Skip to content

FlowScene: Learning Temporal 3D Semantic Scene Completion via Optical Flow Guidance

Conference: NeurIPS 2025 arXiv: 2502.14520 Authors: Meng Wang, Fan Wu, Ruihui Li, Yunchuan Qin, Zhuo Tang, Kenli Li (Hunan University) Code: https://github.com/willemeng/FlowScene Area: Autonomous Driving / 3D Semantic Scene Completion Keywords: 3D Semantic Scene Completion, Optical Flow Guidance, Temporal Modeling, Occlusion Awareness, Voxel Refinement

TL;DR

This paper proposes FlowScene, which leverages optical flow to guide temporal feature aggregation and employs occlusion masks for voxel refinement. Using only 2 historical frames as input, FlowScene achieves state-of-the-art performance on the SemanticKITTI and SSCBench-KITTI-360 benchmarks (mIoU 17.70 / 20.81).

Background & Motivation

3D Semantic Scene Completion (SSC) is a core perception task in autonomous driving, aiming to jointly infer 3D geometric structure and semantic labels from sparse observations. Existing methods exhibit two categories of limitations:

Single-frame methods (MonoScene, CGFormer, etc.): Rely solely on the current frame's limited observations to recover 3D geometry and semantics, leading to insufficient information.

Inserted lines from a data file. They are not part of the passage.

definition rees_exp :: "nat \<Rightarrow> (nat \<Rightarrow> nat) \<Rightarrow> monom \<Rightarrow> monom" where
  "rees_exp d a m = monom3 (lin_form (d + 3) (rees_x_exp d) m) (lin_form (d + 3) (rees_y_exp a) m)
                           (lin_form (d + 3) rees_t_exp m)"

lemma rees_exp_add: "rees_exp d a (m + m') = rees_exp d a m + rees_exp d a m'"
  unfolding rees_exp_def by (simp add: lin_form_add monom3_add)

lemma rees_map_eq_monomial_image:
  assumes f: "f \<in> polys_in (d + 3)"
  shows "rees_map d a f = (monomial_image (rees_exp d a) f :: 'k::comm_ring_1 mpoly)"
proof -
  have var: "(if j = 0 then Var 0 else if j = 1 then Var 1
              else Var 0 ^ (d - (j - 2)) * Var 1 ^ a (j - 2) * Var 2)
           = (mon (monom3 (rees_x_exp d j) (rees_y_exp a j) (rees_t_exp j)) :: 'k mpoly)" for j
  proof -
    have "Var 0 = (mon (monom3 1 0 0) :: 'k mpoly)" "Var 1 = (mon (monom3 0 1 0) :: 'k mpoly)"
      "Var 2 = (mon (monom3 0 0 1) :: 'k mpoly)"
      by (simp_all add: Var_eq_mon monom3_def)
    then show ?thesis
      by (auto simp: rees_x_exp_def rees_y_exp_def rees_t_exp_def mon_monom3_power mon_mult monom3_add)
  qed
  have lin_keys: "(\<Sum>j\<in>keys m. lookup m j * w j) = lin_form (d + 3) w m"
    if "m \<in> keys f" for m and w :: "nat \<Rightarrow> nat"
    unfolding lin_form_def of_nat_id
    by (rule sum.mono_neutral_left) (use f that in \<open>auto simp: polys_in_def in_keys_iff\<close>)
  have "rees_map d a f = (\<Sum>m\<in>keys f. single 0 (lookup f m) * (mon (rees_exp d a m) :: 'k mpoly))"
    unfolding rees_map_def subst_def var
    by (intro sum.cong refl)
      (simp add: mon_monom3_power prod_mon_monom3 rees_exp_def lin_keys)
  then show ?thesis
    unfolding monomial_image_def by (simp add: mon_def mult_single)
qed

lemma rees_kernel_eq: "rees_kernel d a = {f \<in> polys_in (d + 3). monomial_image (rees_exp d a) f = 0}"
  unfolding rees_kernel_def by (auto simp: rees_map_eq_monomial_image)

lemma rees_algebra_eq: "rees_algebra d a = monomial_subring (rees_exp d a ` monoms_in (d + 3))"
proof -
  have "rees_map d a ` polys_in (d + 3) = monomial_image (rees_exp d a) ` polys_in (d + 3)"
    by (rule image_cong) (simp_all add: rees_map_eq_monomial_image)
  then show ?thesis unfolding rees_algebra_def monomial_image_range .
qed

section \<open>The binomials and their standard monomials\<close>

text \<open>Variable \<open>i + 2\<close> is \<open>T_i\<close>; these are the exponent vectors of \<open>x T_i\<close>, \<open>y^(b_i) T_(i-1)\<close>,
  \<open>T_i T_(j-1)\<close> and \<open>y^(b_i - b_j) T_(i-1) T_j\<close>.\<close>

definition lin_lead :: "nat \<Rightarrow> monom" where
  "lin_lead i = single 0 1 + single (i + 2) 1"

definition lin_trail :: "(nat \<Rightarrow> nat) \<Rightarrow> nat \<Rightarrow> monom" where
  "lin_trail a i = single 1 (diff_seq a i) + single (i + 1) 1"

definition quad_lead :: "nat \<Rightarrow> nat \<Rightarrow> monom" where
  "quad_lead i j = single (i + 2) 1 + single (j + 1) 1"

definition quad_trail :: "(nat \<Rightarrow> nat) \<Rightarrow> nat \<Rightarrow> nat \<Rightarrow> monom" where
  "quad_trail a i j = single 1 (diff_seq a i - diff_seq a j) + single (i + 1) 1 + single (j + 2) 1"

definition rees_binomials :: "nat \<Rightarrow> (nat \<Rightarrow> nat) \<Rightarrow> (monom \<times> monom) set" where
  "rees_binomials d a = {(lin_lead i, lin_trail a i) | i. 1 \<le> i \<and> i \<le> d} \<union>
                        {(quad_lead i j, quad_trail a i j) | i j. j < i \<and> i \<le> d \<and> 1 \<le> j}"

lemma rees_binomialsE:
  assumes "(L, R) \<in> rees_binomials d a"
  obtains (lin) i where "1 \<le> i" "i \<le> d" "L = lin_lead i" "R = lin_trail a i"
  | (quad) i j where "j < i" "i \<le> d" "1 \<le> j" "L = quad_lead i j" "R = quad_trail a i j"
  using assms unfolding rees_binomials_def by blast

lemma Var_Tv_eq_mon: "(Var 0 * Tv i :: 'k::comm_ring_1 mpoly) = mon (lin_lead i)"
  unfolding lin_lead_def by (simp add: Tv_eq_mon Var_eq_mon mon_mult)

lemma Tv_Tv_eq_mon: "1 \<le> j \<Longrightarrow> (Tv i * Tv (j - 1) :: 'k::comm_ring_1 mpoly) = mon (quad_lead i j)"
  unfolding quad_lead_def by (simp add: Tv_eq_mon mon_mult)

lemma gb_linear_eq: "1 \<le> i \<Longrightarrow> gb_linear a i = (mon (lin_lead i) - mon (lin_trail a i) :: 'k::comm_ring_1 mpoly)"
  unfolding gb_linear_def lin_lead_def lin_trail_def
  by (simp only: Var_power) (simp add: Tv_eq_mon Var_eq_mon mon_mult)

lemma gb_quad_eq:
  "1 \<le> j \<Longrightarrow> j < i \<Longrightarrow> gb_quad a i j = (mon (quad_lead i j) - mon (quad_trail a i j) :: 'k::comm_ring_1 mpoly)"
  unfolding gb_quad_def quad_lead_def quad_trail_def
  by (simp only: Var_power) (simp add: Tv_eq_mon mon_mult add.assoc)

lemma gb_set_eq: "(gb_set d a :: 'k::comm_ring_1 mpoly set) = (\<lambda>(L, R). mon L - mon R) ` rees_binomials d a"
proof (intro equalityI subsetI)
  fix g :: "'k mpoly"
  assume "g \<in> gb_set d a"
  then consider (lin) i where "1 \<le> i" "i \<le> d" "g = gb_linear a i"
    | (quad) i j where "j < i" "i \<le> d" "1 \<le> j" "g = gb_quad a i j"
    unfolding gb_set_def by blast
  then show "g \<in> (\<lambda>(L, R). mon L - mon R) ` rees_binomials d a"
  proof cases
    case lin
    then show ?thesis unfolding rees_binomials_def
      by (intro image_eqI[where x = "(lin_lead i, lin_trail a i)"]) (auto simp: gb_linear_eq)
  next
    case quad
    then show ?thesis unfolding rees_binomials_def
      by (intro image_eqI[where x = "(quad_lead i j, quad_trail a i j)"]) (auto simp: gb_quad_eq)
  qed
next
  fix g :: "'k mpoly"
  assume "g \<in> (\<lambda>(L, R). mon L - mon R) ` rees_binomials d a"
  then obtain L R where LR: "(L, R) \<in> rees_binomials d a" and g: "g = mon L - mon R" by auto
  from LR show "g \<in> gb_set d a"
  proof (cases rule: rees_binomialsE)
    case (lin i)
    then have "g = gb_linear a i" using g gb_linear_eq[where a = a, OF lin(1)] by metis
    then show ?thesis unfolding gb_set_def using lin by blast
  next
    case (quad i j)
    then have "g = gb_quad a i j" using g gb_quad_eq[where a = a, OF quad(3,1)] by metis
    then show ?thesis unfolding gb_set_def using quad by blast
  qed
qed

text \<open>The squared \<open>T\<close>-indices make the weight strictly convex in the index, so that moving two
  indices towards each other decreases it.\<close>

definition rees_weight :: "nat \<Rightarrow> monom \<Rightarrow> nat" where
  "rees_weight d = lin_form (d + 3) (\<lambda>j. if j = 0 then 1 else if j = 1 then 0 else (j - 2)\<^sup>2)"

lemma rees_weight_add: "rees_weight d (m + u) = rees_weight d m + rees_weight d u"
  unfolding rees_weight_def by (rule lin_form_add)

lemma split_two_vars:
  fixes m :: monom
  assumes "0 < lookup m p" "0 < lookup m q" "p \<noteq> q"
  shows "m = (single p 1 + single q 1) + (m - single p 1 - single q 1)"
proof (rule poly_mapping_eqI)
  fix k
  show "lookup m k = lookup ((single p 1 + single q 1) + (m - single p 1 - single q 1)) k"
    using assms by (cases "k = p"; cases "k = q") (simp_all add: lookup_add lookup_minus lookup_single)
qed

Existing temporal methods (VoxFormer-T, HTCL, etc.): Naively stack historical frame features or align features via estimated camera poses, ignoring scene motion context and failing to achieve temporal consistency.

Core Problem: How to accurately identify correspondences between historical and current frames to effectively guide temporal SSC modeling?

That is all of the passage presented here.